Cosmo Pharmaceuticals' travelers' diarrhea drug candidate Aemcolo, or rifamycin SV MMX, was accepted by the FDA for review and given a PDUFA date of Nov. 16. In a late-stage study of patients with traveler's diarrhea, treatment with Aemcolo showed noninferiority to ciprofloxacin and superiority to placebo.
A Phase II clinical study was initiated by Inovio Pharmaceuticals for its drug candidate VGX-3100 to assess its efficacy in 24 adult patients who have human papilloma virus-related anal dysplasia. The company is recruiting HIV-negative patients with histologically confirmed anal or perianal high-grade squamous intraepithelial lesions that are associated with HPV-16 and/or HPV-18.
Abbott's Xience Sierra everolimus-eluting coronary stent system was approved by the FDA. The stent, which has longer lengths and better flexibility than its predecessors, along with the delivery system are intended to aid in the treatment of multiple or totally blocked vessels and other challenging cases.

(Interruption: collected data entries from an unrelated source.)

lemma lp_value_le_dual_objective:
  fixes J :: "('i::finite \<times> 'k::finite) set"
  assumes lam_pos: "\<And>i. 0 < lam i" and mu_pos: "\<And>j. j \<in> J \<Longrightarrow> 0 < mu j"
    and has_value: "lp_has_value J lam mu v" and opt: "dual_optimal J lam mu y z"
  shows "v \<le> (\<Sum>i\<in>UNIV. y i * lam i)"
proof (rule field_le_epsilon)
  fix e :: real assume "0 < e"
  define levels where "levels = {\<rho>. \<exists>\<xi>. lp_feasible J lam mu \<xi> \<rho>}"
  have "levels \<noteq> {}" "bdd_below levels" "Inf levels = v"
    using has_value by (auto simp: lp_has_value_def lp_value_def levels_def)
  then obtain \<xi>0 where \<xi>0: "routing J lam mu \<xi>0" by (auto simp: levels_def lp_feasible_iff_routing)
  have above: "\<exists>k. v - e < c $ k" if c_in: "c \<in> (\<lambda>\<xi>. \<chi> k. load J \<xi> k) ` {\<xi>. routing J lam mu \<xi>}" for c
  proof (rule ccontr)
    assume "\<not> ?thesis"
    moreover obtain \<xi> where "routing J lam mu \<xi>" "c = (\<chi> k. load J \<xi> k)" using c_in by blast
    ultimately have "v - e \<in> levels" by (auto simp: levels_def lp_feasible_iff_routing not_less)
    then have "v \<le> v - e" using cInf_lower[OF _ \<open>bdd_below levels\<close>] \<open>Inf levels = v\<close> by blast
    then show False using \<open>0 < e\<close> by simp
  qed
  have "(\<lambda>\<xi>. \<chi> k. load J \<xi> k) ` {\<xi>. routing J lam mu \<xi>} \<noteq> {}" using \<xi>0 by blast
  then obtain w where w: "\<And>k. 0 \<le> w k" "(\<Sum>k\<in>UNIV. w k) = 1"
    and w_above: "\<And>c. c \<in> (\<lambda>\<xi>. \<chi> k. load J \<xi> k) ` {\<xi>. routing J lam mu \<xi>}
                   \<Longrightarrow> v - e \<le> (\<Sum>k\<in>UNIV. w k * c $ k)"
    using minimax_convex_coordinates[OF convex_load_image _ above] by blast
  have lam_nonneg: "0 \<le> lam i" for i using lam_pos[of i] by simp
  obtain y' \<xi> where "dual_feasible J mu y' w" "routing J lam mu \<xi>"
    and cost: "(\<Sum>k\<in>UNIV. w k * load J \<xi> k) = (\<Sum>i\<in>UNIV. y' i * lam i)"
    by (rule cheapest_routing[OF mu_pos lam_nonneg routing_serves[OF \<xi>0 lam_pos] w])
  then have "v - e \<le> (\<Sum>i\<in>UNIV. y' i * lam i)" using w_above[of "\<chi> k. load J \<xi> k"] by simp
  also have "\<dots> \<le> (\<Sum>i\<in>UNIV. y i * lam i)"
    using opt \<open>dual_feasible J mu y' w\<close> unfolding dual_optimal_def by blast
  finally show "v \<le> (\<Sum>i\<in>UNIV. y i * lam i) + e" by simp
qed

lemma Gamma1_minimal:
  assumes "0 \<le> t"
    and decomposition: "\<And>s. s \<in> {0..t} \<Longrightarrow> F s = W s - Y s"
    and W_nonneg: "\<And>s. s \<in> {0..t} \<Longrightarrow> 0 \<le> W s"
    and Y_mono: "mono_on {0..t} Y" and Y0: "0 \<le> Y 0"
  shows "Gamma1 F t \<le> W t"
proof -
  have "(SUP s\<in>{0..t}. max 0 (- F s)) \<le> Y t"
  proof (rule cSUP_least)
    show "{0..t} \<noteq> {}" using \<open>0 \<le> t\<close> by simp
    fix s assume s: "s \<in> {0..t}"
    have "Y s \<le> Y t" "Y 0 \<le> Y t" using s \<open>0 \<le> t\<close> by (auto intro: mono_onD[OF Y_mono])
    then show "max 0 (- F s) \<le> Y t" using decomposition[OF s] W_nonneg[OF s] Y0 by simp
  qed
  then show ?thesis using decomposition[of t] \<open>0 \<le> t\<close> by (simp add: Gamma1_def)
qed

The FDA gave Zimmer Biomet clearance to market its 3D-printed Zyston Strut Open Titanium Interbody Spacer System, a family of lumbar cages designed for improving the interbody spacer's graft capacity, visualization and strength during spinal fusion procedures. The system also includes surgical tools for facilitating implant insertion, manipulation and removal.
BIO launched an initiative in the industry to inform CEOs and board members that diversity leads to better financial performance and approved funding to help advance biotech leadership diversity at the board level. According to a McKinsey study, firms in the top quartile for cultural and ethnic diversity on executive teams were 33% more likely to have greater profitability.

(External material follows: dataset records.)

theorem lemma4p4:
  fixes p w :: nat and \<mu> :: real and A :: "nat \<Rightarrow> 'a::{field,finite} set"
  assumes "prime p" and "w \<ge> 1" and "CARD('a) = p ^ w"
    and "\<mu> > 0" and "2 powr \<mu> \<in> \<int>"
    and "(\<Sum>i\<in>{1..nat \<lfloor>2 powr \<mu>\<rfloor>}. card (A i)) = p ^ w"
  shows "(\<forall>\<alpha>::'a. \<alpha> \<noteq> 0 \<longrightarrow>
           (\<Sum>i\<in>{1..nat \<lfloor>2 powr \<mu>\<rfloor>}. cmod (fourier p w (ind (A i)) \<alpha>))
             \<le> (2 powr \<mu> * sin (pi / 2 powr \<mu>)) / (real p * sin (pi / real p)))
       \<and> (\<Sum>i\<in>{1..nat \<lfloor>2 powr \<mu>\<rfloor>}. cmod (fourier p w (ind (A i)) 0)) = 1"
proof -
  interpret prime_power_field p w "TYPE('a)"
    using assms(1-3) by unfold_locales
  obtain n :: int where n: "2 powr \<mu> = of_int n"
    using assms(5) Ints_cases by blast
  have "2 powr \<mu> > 1"
    using \<open>\<mu> > 0\<close> by simp
  then have "n \<ge> 1"
    using n by simp
  define k where "k = nat \<lfloor>2 powr \<mu>\<rfloor>"
  have "real k = 2 powr \<mu>" "k \<ge> 1"
    unfolding k_def n using \<open>n \<ge> 1\<close> by simp_all
  note k_facts = this
  show ?thesis
  proof (intro conjI allI impI)
    fix \<alpha> :: 'a
    assume "\<alpha> \<noteq> 0"
    have "(\<Sum>i\<in>{1..k}. cmod (fourier p w (ind (A i)) \<alpha>)) \<le> k * sin (pi / k) / (p * sin (pi / p))"
      by (rule sum_norm_fourier_ind_le) (use \<open>\<alpha> \<noteq> 0\<close> k_facts assms(6) in \<open>simp_all add: k_def\<close>)
    then show "(\<Sum>i\<in>{1..nat \<lfloor>2 powr \<mu>\<rfloor>}. cmod (fourier p w (ind (A i)) \<alpha>))
                 \<le> (2 powr \<mu> * sin (pi / 2 powr \<mu>)) / (real p * sin (pi / real p))"
      by (simp only: k_def[symmetric] k_facts)
  qed (rule sum_norm_fourier_ind_zero[OF assms(6)])
qed

end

A follow-on offering brought in $184 million for MyoKardia. The first patient in a late-stage Explorer-HCM study assessing its drug candidate mavacamten as a treatment of symptomatic, obstructive hypertrophic cardiomyopathy will be dosed this quarter.

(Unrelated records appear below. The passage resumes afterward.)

lemma no_binary_OA_11_4_6: "\<not> binary_OA A 11 4 6"
proof
  assume OA: "binary_OA A 11 4 6"
  define Q where "Q = {S. odd (int ((card S - 1) choose 4) + ones_sum A 5 S)}"
  have odd_set_bound: "1024 \<le> (fourier A S)\<^sup>2" if S: "S \<in> subsets_of_size {0..<11} k" "5 \<le> k" "S \<in> Q" for S k
  proof -
    have S': "S \<subseteq> {0..<11}" "card S = k" using S by (simp_all add: subsets_of_size_def)
    then have "S \<noteq> {}" using S(2) by auto
    obtain c where F: "fourier A S = 16 * int 6 * int ((card S - 1) choose 4) - 32 * ones_sum A 5 S + 64 * c"
      by (rule fourier_OA_11_4_eq[OF OA S'(1) \<open>S \<noteq> {}\<close>])
    define m where "m = 3 * int ((card S - 1) choose 4) - ones_sum A 5 S + 2 * c"
    have "fourier A S = 32 * m" unfolding F m_def by (simp add: algebra_simps)
    moreover have "odd m" using S(3) unfolding m_def Q_def by simp
    ultimately have "32\<^sup>2 \<le> (fourier A S)\<^sup>2" by (rule power2_le_of_odd_multiple)
    then show ?thesis by simp
  qed
  have level: "1024 * int (card (Q \<inter> subsets_of_size {0..<11} k))
      \<le> (\<Sum>S\<in>subsets_of_size {0..<11} k. (fourier A S)\<^sup>2)" if "5 \<le> k" for k
  proof -
    have "(\<Sum>S\<in>subsets_of_size {0..<11::nat} k. 1024 * of_bool (S \<in> Q))
        \<le> (\<Sum>S\<in>subsets_of_size {0..<11} k. (fourier A S)\<^sup>2)"
      using that odd_set_bound by (intro sum_mono) auto
    then show ?thesis by (simp add: sum_distrib_left[symmetric] Int_commute)
  qed
  have "187 \<le> (\<Sum>k\<in>{5, 6, 7, 8}. card (Q \<inter> subsets_of_size {0..<11} k))"
    unfolding Q_def by (rule odd_sets_count_11, rule sum_ones_sum_facets) (auto intro: finite_subset)
  then have "1024 * 187 \<le> (\<Sum>k\<in>{5, 6, 7, 8}. 1024 * int (card (Q \<inter> subsets_of_size {0..<11} k)))"
    by simp
  also have "\<dots> \<le> (\<Sum>k\<in>{5, 6, 7, 8}. \<Sum>S\<in>subsets_of_size {0..<11} k. (fourier A S)\<^sup>2)"
    by (rule sum_mono) (rule level, auto)
  finally show False using fourier_levels_bound_OA_11_4[OF OA] by simp
qed

theorem theorem1:
  shows "\<not> (\<exists>A. binary_OA A 11 4 6) \<and> \<not> (\<exists>A. binary_OA A 11 4 7)"
  using no_binary_OA_11_4_6 no_binary_OA_11_4_7 by blast

end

Cara Therapeutics gave Vifor Fresenius Medical Care Renal Pharma the rights to market Cara's Korsuva, or CR845/difelikefalin, injection, which is indicated to treat patients with chronic kidney disease-associated pruritus undergoing dialysis, worldwide except in the US, Japan and South Korea. Under the terms of the deal, Cara will get $50 million upfront plus $470 million for regulatory and commercial milestones tied to sales.
The US and China are in talks to negotiate better access for Chinese imports of biotech crops as part of a trade deal. The discussion is nearing a deal that could see China buying more US farm biotech crops.
The Environmental Protection Agency and the Energy and Agriculture departments are scheduled to meet today to discuss President Donald Trump's planned changes to the country's biofuel laws. Trump wants to increase sales of higher-ethanol gasoline blends, count ethanol exports toward biofuel volume mandates and reduce the number of waivers that the EPA can grant small refiners.
A round of Series A financing brought in $13.4 million for UK-based Ultromics, a startup that is developing an artificial intelligence technology for coronary heart disease diagnosis. The proceeds will be used to commercialize the company's technology in the US and the UK, as well as for continued research and development efforts for new diagnostic support solutions.